Setelah negara Barat berhasil mempengaruhi mereka, bukan tidak mungkin mereka sedang
mengintervensi Indonesia, negara dengan populasi Muslim terbanyak di dunia. Mereka pun akan
menargetkan pemuda muslim Indonesia terlebih dahulu dengan teknologi yang melalaikan, karena
mereka percaya bahwa kekuatan suatu negara ditentukan oleh generasi mudanya.
Sekarang, negara yang sedang bangkit menghapuskan sekularisme adalah Turki. Di bawah
pimpinan Recep Tayib Erdogan, Turki mulai menghapuskan peraturan yang bertentangan dengan
Syariah Islam yang telah diterapkan selama bertahun-tahun. Erdogan percaya bahwa kekuatan
Turki berada di tangan umat, dan ia percaya dengan kekuatan itu dia bisa menghentikan rencana
negara-negara Barat beserta sekutunya untuk menghancurkan Islam.
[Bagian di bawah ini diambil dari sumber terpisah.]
lemma coeff_poly_in_Var_Salg:
  assumes "f \<in> Salg (Suc n)"
  shows "coeff (poly_in_Var n f) k \<in> Salg n"
proof -
  have "\<forall>m\<in>keys (Var_coeff n k f). \<forall>i\<in>keys m. i < n"
  proof (intro ballI)
    fix m i assume m: "m \<in> keys (Var_coeff n k f)" and i: "i \<in> keys m"
    have mn: "lookup m n = 0" and mk: "m + single n k \<in> keys f"
      using m by (auto simp: in_keys_iff lookup_Var_coeff split: if_splits)
    have "i \<in> keys (m + single n k)" using i by (simp add: in_keys_iff lookup_add)
    then have "i < Suc n" using SalgD[OF assms mk] by blast
    moreover have "i \<noteq> n" using i mn by (auto simp: in_keys_iff)
    ultimately show "i < n" by simp
  qed
  then show ?thesis by (simp add: Salg_def coeff_poly_in_Var)
qed

section \<open>Polynomials over a subring with unique factorisation\<close>

definition divides_in :: "'a::comm_ring_1 set \<Rightarrow> 'a \<Rightarrow> 'a \<Rightarrow> bool" where
  "divides_in R a b \<longleftrightarrow> (\<exists>c\<in>R. b = a * c)"

definition unit_in :: "'a::comm_ring_1 set \<Rightarrow> 'a \<Rightarrow> bool" where
  "unit_in R a \<longleftrightarrow> a \<in> R \<and> (\<exists>b\<in>R. a * b = 1)"

definition irreducible_in :: "'a::comm_ring_1 set \<Rightarrow> 'a \<Rightarrow> bool" where
  "irreducible_in R p \<longleftrightarrow> p \<in> R \<and> p \<noteq> 0 \<and> \<not> unit_in R p \<and>
     (\<forall>a\<in>R. \<forall>b\<in>R. p = a * b \<longrightarrow> unit_in R a \<or> unit_in R b)"

definition prime_in :: "'a::comm_ring_1 set \<Rightarrow> 'a \<Rightarrow> bool" where
  "prime_in R p \<longleftrightarrow> p \<in> R \<and> p \<noteq> 0 \<and> \<not> unit_in R p \<and>
     (\<forall>a\<in>R. \<forall>b\<in>R. divides_in R p (a * b) \<longrightarrow> divides_in R p a \<or> divides_in R p b)"

definition is_subring :: "'a::comm_ring_1 set \<Rightarrow> bool" where
  "is_subring R \<longleftrightarrow> 0 \<in> R \<and> 1 \<in> R \<and> (\<forall>a\<in>R. \<forall>b\<in>R. a + b \<in> R \<and> a * b \<in> R \<and> - a \<in> R)"

definition polys_over :: "'a::comm_ring_1 set \<Rightarrow> 'a poly set" where
  "polys_over R = {p. \<forall>i. coeff p i \<in> R}"

text \<open>
  The length \<mu> plays the role of the number of prime factors: it makes induction on
  factorisations possible without constructing them.
\<close>

locale factorial_subring =
  fixes R :: "'a::idom set" and \<mu> :: "'a \<Rightarrow> nat"
  assumes is_subring: "is_subring R"
    and irreducible_imp_prime: "\<And>p. irreducible_in R p \<Longrightarrow> prime_in R p"
    and length_mult: "\<And>a b. a \<in> R \<Longrightarrow> b \<in> R \<Longrightarrow> a \<noteq> 0 \<Longrightarrow> b \<noteq> 0 \<Longrightarrow> \<mu> (a * b) = \<mu> a + \<mu> b"
    and length_eq_0_iff: "\<And>a. a \<in> R \<Longrightarrow> a \<noteq> 0 \<Longrightarrow> \<mu> a = 0 \<longleftrightarrow> unit_in R a"
begin

lemma subring_zero[simp]: "0 \<in> R" using is_subring by (simp add: is_subring_def)

lemma subring_one[simp]: "1 \<in> R" using is_subring by (simp add: is_subring_def)

lemma subring_add[intro]: "a \<in> R \<Longrightarrow> b \<in> R \<Longrightarrow> a + b \<in> R"
  using is_subring by (simp add: is_subring_def)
Demikianlah penjelasan mengenai perjalanan kekhilafahan di muka bumi dan siapa saja yang
terlibat di dalamnya. Sejarah Islam tidak akan pernah hilang. Cukuplah sejarah kelam kekhilafahan
di muka bumi menjadi pelajaran yang tidak akan terulang lagi. Waktunya generasi muslim
Millennials aktif dalam merubah dunia dan membawa Islam kepada zaman kejayaan dan maju
seperti zaman Abbasiyah. ISLAM INDONESIA DAN GENERASI MILLENNIALS.